The Challenge
The client needed annotation and validation of financial queries and model-generated responses. The material included complex financial cases with calculations, specialized terminology where domain understanding mattered as much as language level, and multi-step model solutions.
Experts were required to:
- assess the correctness of each query (both linguistically and economically)
- validate every step of the model's response
- identify errors in calculations and logic
- evaluate terminology accuracy
- deliver a final verdict on each answer.
The CFA component added further constraints: tasks were in Russian, structured at examination level comparable to an international certification standard, and required narrower specialization than the FinQA track.
A financial analysis pilot with even deeper domain requirements is currently in progress.
Key Challenges
The candidate pool was extremely narrow — the role required both economics expertise and specialized vocabulary. Hiring conversion ran at roughly 20–25%. The operational team had no in-house domain knowledge, which made independent validation of expert decisions impossible and created heavy reliance on the client for interpreting task requirements.

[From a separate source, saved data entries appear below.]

(* Let $b,\beta,\beta'\in\mathbb{R}$, $\gamma>0$, $\gamma'\ge0$ and $c\ge-\gamma$. Then \[ \mu_{b,c,\beta,\gamma}\rhd\mu_{b+\beta,\,c+\gamma,\,\beta',\,\gamma'}=\mu_{b,c,\beta+\beta',\gamma+\gamma'}. \] In particular, for normalized free Meixner distributions $\mu_{b,c}=\mu_{b,c,0,1}$ with $c\ge-1$, $\mu_{b,c}\rhd\mu_{b,c+1}=\mu_{b,c}^{\boxplus2}$.
   Context: For real $b,c,\beta,\gamma$ with $\gamma\ge0$ and $c+\gamma\ge0$, the free Meixner distribution $\mu_{b,c,\beta,\gamma}$ is the compactly supported probability measure on $\mathbb{R}$ with Jacobi parameters $(\beta_0,\beta_1,\beta_2,\dots)=(\beta,b+\beta,b+\beta,\dots)$ and $(\gamma_0,\gamma_1,\dots)=(\gamma,c+\gamma,c+\gamma,\dots)$, i.e. whose Cauchy transform $G(z)=\int\frac{d\mu(x)}{z-x}$ has the continued fraction expansion $1/(z-\beta_0-\gamma_0/(z-\beta_1-\gamma_1/(z-\beta_2-\cdots)))$. For probability measures $\mu,\nu$ with $F_\mu=1/G_\mu$, the monotone convolution $\mu\rhd\nu$ is the probability measure with $F_{\mu\rhd\nu}=F_\mu\circ F_\nu$. $\boxplus$ is free convolution. *)

theory Defs
  imports "HOL-Probability.Probability"
begin

definition real_prob :: "real measure \<Rightarrow> bool" where
  "real_prob \<mu> \<longleftrightarrow> prob_space \<mu> \<and> sets \<mu> = sets borel"

definition compact_support :: "real measure \<Rightarrow> bool" where
  "compact_support \<mu> \<longleftrightarrow> (\<exists>K. compact K \<and> emeasure \<mu> K = 1)"

definition cauchy_tr :: "real measure \<Rightarrow> complex \<Rightarrow> complex" where
  "cauchy_tr \<mu> z = integral\<^sup>L \<mu> (\<lambda>x. 1 / (z - complex_of_real x))"

definition recip_cauchy_tr :: "real measure \<Rightarrow> complex \<Rightarrow> complex" where
  "recip_cauchy_tr \<mu> z = 1 / cauchy_tr \<mu> z"

fun jacobi_cf :: "(nat \<Rightarrow> real) \<Rightarrow> (nat \<Rightarrow> real) \<Rightarrow> nat \<Rightarrow> nat \<Rightarrow> complex \<Rightarrow> complex" where
  "jacobi_cf bs gs 0 k z = 0"
| "jacobi_cf bs gs (Suc n) k z =
     1 / (z - complex_of_real (bs k) - complex_of_real (gs k) * jacobi_cf bs gs n (Suc k) z)"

Designing the test assignment presented a separate problem: it could not be created without involving domain experts from the outset.
The Solution
Expert Recruitment
Candidates were drawn from economists, finance and analytics professionals, and specialists with verified English proficiency. The test assignment was developed with a domain expert and modeled real project cases. Selection criteria prioritized quality of reasoning and command of the subject area over throughput.

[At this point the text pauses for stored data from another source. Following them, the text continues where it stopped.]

lemma Mtilde_eq: "Mtilde = nbhd0 \<inter> nbhd1"
  by (simp add: Mtilde_def Z0_eq Z1_eq Nbhd_all_but_two)

lemma nbhd1_nonempty: "nbhd1 \<noteq> {}"
proof -
  have "grid_near (1/2) (1/4) (1/2)"
    unfolding grid_near_def by (rule exI[of _ 0]) simp
  then have "(\<chi> j. 1/2) \<in> nbhd1"
    by (simp add: all_but_two_def)
  then show ?thesis
    by auto
qed

section \<open>The retractions\<close>

lemma continuous_on_floor_plus_comp_frac:
  fixes G :: "real \<Rightarrow> real"
  assumes contG: "continuous_on {0..1} G" and G1: "G 1 = G 0 + 1"
  shows "continuous_on UNIV (\<lambda>t. of_int \<lfloor>t\<rfloor> + G (frac t))"
proof -
  let ?f = "\<lambda>t. of_int \<lfloor>t\<rfloor> + G (frac t)"
  have piece: "continuous_on {of_int n .. of_int n + 1} ?f" for n :: int
  proof (rule continuous_on_eq)
    show "continuous_on {of_int n .. of_int n + 1} (\<lambda>t. of_int n + G (t - of_int n))"
      by (intro continuous_intros continuous_on_compose2[OF contG]) auto
    show "of_int n + G (t - of_int n) = ?f t" if "t \<in> {of_int n .. of_int n + 1}" for t
    proof (cases "t = of_int n + 1")
      case True
      then show ?thesis using G1 by (simp add: frac_def)
    next
      case False
      with that have "\<lfloor>t\<rfloor> = n" by (auto simp: floor_eq_iff)
      then show ?thesis by (simp add: frac_def)
    qed
  qed
  show ?thesis
    unfolding continuous_on_eq_continuous_at[OF open_UNIV]
  proof
    fix x :: real
    let ?n = "\<lfloor>x\<rfloor>"
    have "continuous_on ({of_int (?n - 1) .. of_int (?n - 1) + 1} \<union> {of_int ?n .. of_int ?n + 1}) ?f"
      by (intro continuous_on_closed_Un piece) auto
    then have "continuous_on {of_int ?n - 1 <..< of_int ?n + 1} ?f"
      by (rule continuous_on_subset) auto
    moreover have "x \<in> {of_int ?n - 1 <..< of_int ?n + 1}"
      by simp linarith
    ultimately show "isCont ?f x"
      using continuous_on_eq_continuous_at open_greaterThanLessThan by blast
  qed
qed
lemma steady_gain_commute:
  fixes Pi :: "real mat"
  assumes A: "A \<in> carrier_mat n n" and Bv: "Bv \<in> carrier_mat n q" and G: "G \<in> carrier_mat q n"
    and Bu: "Bu \<in> carrier_mat n 1" and C: "C \<in> carrier_mat 1 n" and M: "M \<in> carrier_mat N N"
    and inv: "invertible_mat (net_K N A Bv G M)"
    and Pi: "Pi \<in> carrier_mat N N" and PiM: "Pi * M = M * Pi"
  shows "steady_gain N A Bv G Bu C M * Pi = Pi * steady_gain N A Bv G Bu C M"
proof -
  define P where "P = kron_mat Pi (1\<^sub>m n)"
  define K where "K = net_K N A Bv G M"
  define Ki where "Ki = inv_mat K"
  define KC where "KC = kron_mat (1\<^sub>m N) C"
  define KB where "KB = kron_mat (1\<^sub>m N) Bu"
  have P: "P \<in> carrier_mat (N * n) (N * n)"
    unfolding P_def using Pi by (rule kron_mat_carrier) simp
  have K: "K \<in> carrier_mat (N * n) (N * n)"
    unfolding K_def using A Bv G M by (rule net_K_carrier)
  note Ki = inv_mat[OF K inv[folded K_def], folded Ki_def]
  have KC: "KC \<in> carrier_mat N (N * n)" and KB: "KB \<in> carrier_mat (N * n) N"
    unfolding KC_def KB_def
    using kron_mat_carrier[OF one_carrier_mat C] kron_mat_carrier[OF one_carrier_mat Bu] by simp_all
  have KiP: "Ki * P = P * Ki"
    using commute_inverse_mat[OF P K Ki(3) Ki(1,2)] net_K_commute[OF A Bv G M Pi PiM]
    unfolding P_def K_def by simp
  have "KB * Pi = kron_mat Pi Bu"
    using kron_mat_one_left_mult_one_right[OF Pi Bu]
    unfolding KB_def kron_mat_one_right[OF Pi] .
  also have "\<dots> = P * KB"
    using kron_mat_one_right_mult_one_left[OF Pi Bu] unfolding P_def KB_def by simp
  finally have KBPi: "KB * Pi = P * KB" .
  have "KC * P = kron_mat Pi C"
    using kron_mat_one_left_mult_one_right[OF Pi C] unfolding KC_def P_def by simp
  also have "\<dots> = Pi * KC"
    using kron_mat_one_right_mult_one_left[OF Pi C]
    unfolding KC_def kron_mat_one_right[OF Pi] by (rule sym)
  finally have PKC: "KC * P = Pi * KC" .
  have "KC * Ki * P = Pi * (KC * Ki)"
    using KC Ki(3) P P Pi KiP PKC by (rule mult_mat_intertwine)
  with mult_carrier_mat[OF KC Ki(3)] KB Pi P Pi KBPi
  have "KC * Ki * KB * Pi = Pi * (KC * Ki * KB)"
    by (rule mult_mat_intertwine)
  then show ?thesis
    unfolding steady_gain_def KC_def Ki_def K_def KB_def .
qed

theorem mainTheorem2:
  fixes N n q :: nat
    and A Bv G Bu C M Pi :: "real mat"
  assumes "N \<ge> 1" and "n \<ge> 1" and "q \<ge> 1"
    and "A \<in> carrier_mat n n" and "Bv \<in> carrier_mat n q" and "G \<in> carrier_mat q n"
    and "Bu \<in> carrier_mat n 1" and "C \<in> carrier_mat 1 n" and "M \<in> carrier_mat N N"
    and "invertible_mat (net_K N A Bv G M)"
    and "Pi \<in> carrier_mat N N" and "invertible_mat Pi" and "Pi * M = M * Pi"
  shows "\<forall>u \<in> carrier_vec N.
           steady_map N A Bv G Bu C M (Pi *\<^sub>v u) = Pi *\<^sub>v steady_map N A Bv G Bu C M u"
proof
  fix u :: "real vec"
  assume u: "u \<in> carrier_vec N"
  let ?T = "steady_gain N A Bv G Bu C M"
  have T: "?T \<in> carrier_mat N N"
    using assms(4-10) by (rule steady_gain_carrier)
  have "?T *\<^sub>v (Pi *\<^sub>v u) = (?T * Pi) *\<^sub>v u"
    using T assms(11) u by simp
  also have "\<dots> = Pi *\<^sub>v (?T *\<^sub>v u)"
    using steady_gain_commute[OF assms(4-10) assms(11,13)] T assms(11) u by simp
  finally show "steady_map N A Bv G Bu C M (Pi *\<^sub>v u) = Pi *\<^sub>v steady_map N A Bv G Bu C M u"
    unfolding steady_map_eq
    using mult_mat_vec_uminus[OF assms(11)] T u by simp
qed

end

This produced a core team of 8 experts for FinQA, which was later expanded to 14 for the CFA track.
Workflow Organization
It was clear from the start that the process needed a reliable mechanism for resolving edge cases, given that the operational team could not adjudicate expert decisions independently.
The solution was a centralized document where experts logged ambiguous cases with examples. These were escalated to the client, and responses were distributed back to the full team. For time-sensitive issues, direct communication channels were used.
Annotation Process
Each task followed a fixed sequence: query review covering both language and economic meaning, step-by-step response validation, analysis of calculations and logic, terminology check, and final assessment. Quality control used a three-annotator overlap per task, with tag and score comparison to ensure inter-annotator consistency.
Scaling Expertise
On the CFA track, the initial pool was deliberately narrow given the certification-level subject matter. Senior experts trained the broader team, which made it possible to scale without compromising quality. The financial analysis pilot confirmed that deep within-domain specialization is a prerequisite, not an option, for projects of this type.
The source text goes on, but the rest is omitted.